Given that inhibiting cancellation is not a new issue, it is not critical for the `cleanup {}` implementation to address this specific potential problem.
If it becomes an issue in future, it can be addressed separately.

#### Timeout for `Cleanup {}` Operations

In a similar vein to the above, an alternative may be to implement a hard timeout for command disposal, leaving it up to the runtime garbage collection routines beyond that point.
This could potentially be problematic in the same way as permitting `Ctrl+C` to cancel a dispose block, especially in cases where native interop is being performed either directly or by a type being utilised by a given script command.
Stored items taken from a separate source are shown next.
lemma lin_map_arr_diff:
  "lin_map Wc T C (arr_diff Y Z) = (\<lambda>n. lin_map Wc T C Y n - lin_map Wc T C Z n)"
  unfolding lin_map_def arr_diff_def by (simp add: right_diff_distrib sum_subtractf)

lemma frob_diff_le_loss_vec:
  assumes "0 < A" and frame_lower: "\<forall>Y. sqrt A * frob T C Y \<le> vnorm N (lin_map Wc T C Y)"
  shows "frob T C (arr_diff Y Z)
    \<le> real N * (loss_vec N (lin_map Wc T C Y) (lin_map Wc T C Z) + 1/2) / sqrt A"
proof -
  have "sqrt A * frob T C (arr_diff Y Z)
    \<le> real N * (loss_vec N (lin_map Wc T C Y) (lin_map Wc T C Z) + 1/2)"
    using frame_lower[rule_format, of "arr_diff Y Z"] vnorm_diff_le_loss_vec
    unfolding lin_map_arr_diff by (rule order_trans)
  then show ?thesis using assms(1) by (simp add: le_divide_eq mult.commute)
qed

definition mat_abs_sum :: "(nat \<Rightarrow> nat \<Rightarrow> real) \<Rightarrow> nat \<Rightarrow> nat \<Rightarrow> real" where
  "mat_abs_sum V T Tk = (\<Sum>t\<in>{1..T}. \<Sum>s\<in>{1..Tk}. \<bar>V t s\<bar>)"

lemma mat_abs_sum_nonneg: "0 \<le> mat_abs_sum V T Tk"
  unfolding mat_abs_sum_def by (simp add: sum_nonneg)

lemma avg_upsample_le:
  assumes "\<And>s. s \<in> {1..Tk} \<Longrightarrow> 0 \<le> r s"
  shows "avg T (upsample V Tk r) \<le> mat_abs_sum V T Tk * (\<Sum>s\<in>{1..Tk}. r s)"
proof -
  let ?R = "\<Sum>s\<in>{1..Tk}. r s" and ?M = "mat_abs_sum V T Tk"
  have entry: "V t s * r s \<le> \<bar>V t s\<bar> * ?R" if "s \<in> {1..Tk}" for t s
  proof -
    have "V t s * r s \<le> \<bar>V t s\<bar> * r s" using assms that by (intro mult_right_mono) auto
    also have "\<dots> \<le> \<bar>V t s\<bar> * ?R"
      using assms that by (intro mult_left_mono member_le_sum) auto
    finally show ?thesis .
  qed
  have "(\<Sum>t\<in>{1..T}. upsample V Tk r t) \<le> (\<Sum>t\<in>{1..T}. \<Sum>s\<in>{1..Tk}. \<bar>V t s\<bar> * ?R)"
    unfolding upsample_def by (intro sum_mono entry)
  also have "\<dots> = ?M * ?R" by (simp add: mat_abs_sum_def sum_distrib_right)
  finally have sum_le: "(\<Sum>t\<in>{1..T}. upsample V Tk r t) \<le> ?M * ?R" .
  have M_nonneg: "0 \<le> ?M * ?R"
    using assms by (intro mult_nonneg_nonneg mat_abs_sum_nonneg sum_nonneg) auto
  show ?thesis
  proof (cases "T = 0")
    case False
    then have "?M * ?R \<le> real T * (?M * ?R)"
      using mult_right_mono[OF _ M_nonneg, of 1 "real T"] by simp
    then show ?thesis using sum_le False unfolding avg_def by (simp add: pos_divide_le_eq mult.commute)
  qed (use M_nonneg in \<open>simp add: avg_def\<close>)
qed

lemma A_tilde_cyc_nonneg:
  assumes "0 \<le> \<alpha>f" "0 \<le> \<alpha>t" "0 \<le> \<alpha>g" "0 \<le> \<alpha>c"
  shows "0 \<le> A_tilde_cyc C \<alpha>f \<alpha>t \<alpha>g \<alpha>c X Xh Xf Xms g t"
  unfolding A_tilde_cyc_def using assms by (simp add: row_abs_nonneg)

lemma avg_on_A_tilde_cyc:
  "avg_on \<Omega> (A_tilde_cyc C \<alpha>f \<alpha>t \<alpha>g \<alpha>c X Xh Xf Xms g)
    = \<alpha>f * avg_on \<Omega> (row_abs C (arr_diff Xf X)) + \<alpha>t * avg_on \<Omega> (row_abs C (arr_diff Xh X))
      + \<alpha>g * avg_on \<Omega> (\<lambda>t. \<bar>g t\<bar>) + \<alpha>c * avg_on \<Omega> (row_abs C (arr_diff Xms Xf))"
  unfolding A_tilde_cyc_def[abs_def] avg_on_add avg_on_cmult ..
As above, given that no such restriction is currently present for `IDisposable` cmdlets, it is not likely to be a pressing need.
We can reevaluate pending customer feedback.

If we later determine this is needed, a `$PSStopProcessingTimeout` preference variable could be created to allow the user to adjust their own timeout preferences in specific time-sensitive scenarios.

#### Reuse the `End {}` Block

This idea was explored briefly before being discarded.
The reason this cannot be the appropriate method is that pipeline behaviour somewhat relies upon there being a skippable `end{}` block.
For example, cmdlets such as `Sort-Object` only send output during `EndProcessing()`, and script functions place everything into the `end{}` block by default when no named blocks are specified.

If the `end {}` block were unskippable for logging purposes, pipeline and command disposal in the case of errors or `Select-Object -First X` would quickly become very sluggish compared to how they are now.
It is quite common for functions to be designed to do much of their processing in the `end {}` block / during `EndProcessing()`.
Even if we prevented output from occurring in that instance as we are with `cleanup {}`, the processing to produce said output would still be occurring.
This would significantly slow down intentional or necessary pipeline stops and reduce the utility of `Select-Object -First X` immensely.
Additionally, such a solution would break many existing commands which rely on the ability to pass output from `end{}` / `EndProcessing()`.